Are you able to give us an replace in your HAMR street map or the standing of your HAMR expertise, how we take into consideration 30, 40 terabytes-plus?

David GoeckelerChief Govt Officer

So, we have been engaged on HAMR for fairly a while. We perceive HAMR extraordinarily nicely. We perceive all the problems with HAMR, and what it takes to get it certified. Clearly, we’re doing that each one behind the scenes, as a result of we have now a product portfolio with the very best TCO we will provide available in the market at the moment, and we will do that each one the way in which as much as 40 terabytes.

And 40 terabytes is the place the economics flip over and also you get the 4 terabyte per platter or 40 per unit, the place basically the capability improve will cancel out the rise in prices you must put within the unit to get the economics to work on margin, proper?

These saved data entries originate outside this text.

(* The group $\mathrm{Sym}(\mathbb{Z})\rtimes\mathbb{Z}$ does not have Shalom's property $H_{\mathrm{FD}}$.
   Context: $\mathrm{Sym}(\mathbb{Z})$ is the group of finitely supported permutations of $\mathbb{Z}$, and $\mathbb{Z}$ acts on it by conjugation by the shift $x\mapsto x+1$; the group is generated by the shift and the transposition of $0$ and $1$. A finitely generated group has property $H_{\mathrm{FD}}$ if every unitary representation with nonzero first reduced cohomology (1-cocycles modulo the closure, for pointwise convergence, of 1-coboundaries) admits a nonzero finite-dimensional subrepresentation. *)

theory Defs
  imports "HOL-Algebra.Group" Complex_Main
begin

definition fin_perm_Z :: "(int \<Rightarrow> int) set" where
  "fin_perm_Z = {\<sigma>. bij \<sigma> \<and> finite {x. \<sigma> x \<noteq> x}}"

text \<open>Action of n in Z by conjugation with the n-th power of the shift s(x) = x+1:
  s^n o sigma o s^(-n).\<close>
definition shift_conj :: "int \<Rightarrow> (int \<Rightarrow> int) \<Rightarrow> (int \<Rightarrow> int)" where
  "shift_conj n \<sigma> = (\<lambda>x. \<sigma> (x - n) + n)"

definition SymZ_rtimes_Z :: "((int \<Rightarrow> int) \<times> int) monoid" where
  "SymZ_rtimes_Z =
     \<lparr> carrier = fin_perm_Z \<times> UNIV,
       mult = (\<lambda>(\<sigma>, m) (\<tau>, n). (\<sigma> \<circ> shift_conj m \<tau>, m + n)),
       one = (id, 0) \<rparr>"

definition l2 :: "(nat \<Rightarrow> complex) set" where
  "l2 = {x. summable (\<lambda>n. (cmod (x n))\<^sup>2)}"

definition l2_inner :: "(nat \<Rightarrow> complex) \<Rightarrow> (nat \<Rightarrow> complex) \<Rightarrow> complex" where
  "l2_inner x y = (\<Sum>n. x n * cnj (y n))"

definition l2_norm :: "(nat \<Rightarrow> complex) \<Rightarrow> real" where
  "l2_norm x = sqrt (\<Sum>n. (cmod (x n))\<^sup>2)"

definition unitary_op :: "((nat \<Rightarrow> complex) \<Rightarrow> (nat \<Rightarrow> complex)) \<Rightarrow> bool" where
  "unitary_op U \<longleftrightarrow>
     U ` l2 = l2 \<and>
     (\<forall>x\<in>l2. \<forall>y\<in>l2. \<forall>c::complex. U (\<lambda>n. c * x n + y n) = (\<lambda>n. c * U x n + U y n)) \<and>
     (\<forall>x\<in>l2. \<forall>y\<in>l2. l2_inner (U x) (U y) = l2_inner x y)"

definition unitary_rep :: "('g, 'b) monoid_scheme \<Rightarrow> ('g \<Rightarrow> (nat \<Rightarrow> complex) \<Rightarrow> (nat \<Rightarrow> complex)) \<Rightarrow> bool" where
  "unitary_rep G \<pi> \<longleftrightarrow>
     (\<forall>g\<in>carrier G. unitary_op (\<pi> g)) \<and>
     (\<forall>g\<in>carrier G. \<forall>h\<in>carrier G. \<forall>x\<in>l2. \<pi> (g \<otimes>\<^bsub>G\<^esub> h) x = \<pi> g (\<pi> h x)) \<and>
     (\<forall>x\<in>l2. \<pi> \<one>\<^bsub>G\<^esub> x = x)"

definition cocycle :: "('g, 'b) monoid_scheme \<Rightarrow> ('g \<Rightarrow> (nat \<Rightarrow> complex) \<Rightarrow> (nat \<Rightarrow> complex)) \<Rightarrow> ('g \<Rightarrow> nat \<Rightarrow> complex) \<Rightarrow> bool" where
  "cocycle G \<pi> b \<longleftrightarrow>
     (\<forall>g\<in>carrier G. b g \<in> l2) \<and>
     (\<forall>g\<in>carrier G. \<forall>h\<in>carrier G. b (g \<otimes>\<^bsub>G\<^esub> h) = (\<lambda>n. b g n + \<pi> g (b h) n))"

That is type of a sophisticated — loads to say in a single sentence. However our portfolio may be very centered on the proper product with the proper value on the proper time. The precise time for HAMR is at 40 terabytes. And we have lots of improvement happening that product.

We’ve for a very long time. We, fairly frankly, need not do it in public as a result of we have now one other portfolio that is promoting extraordinarily nicely, which we have talked about all through this course of. However have lots of confidence in our HAMR improvement. And fairly frankly, our prospects know precisely what we’re doing, and the place we’re at, and what our plans are, and so they’re comfy with that as nicely.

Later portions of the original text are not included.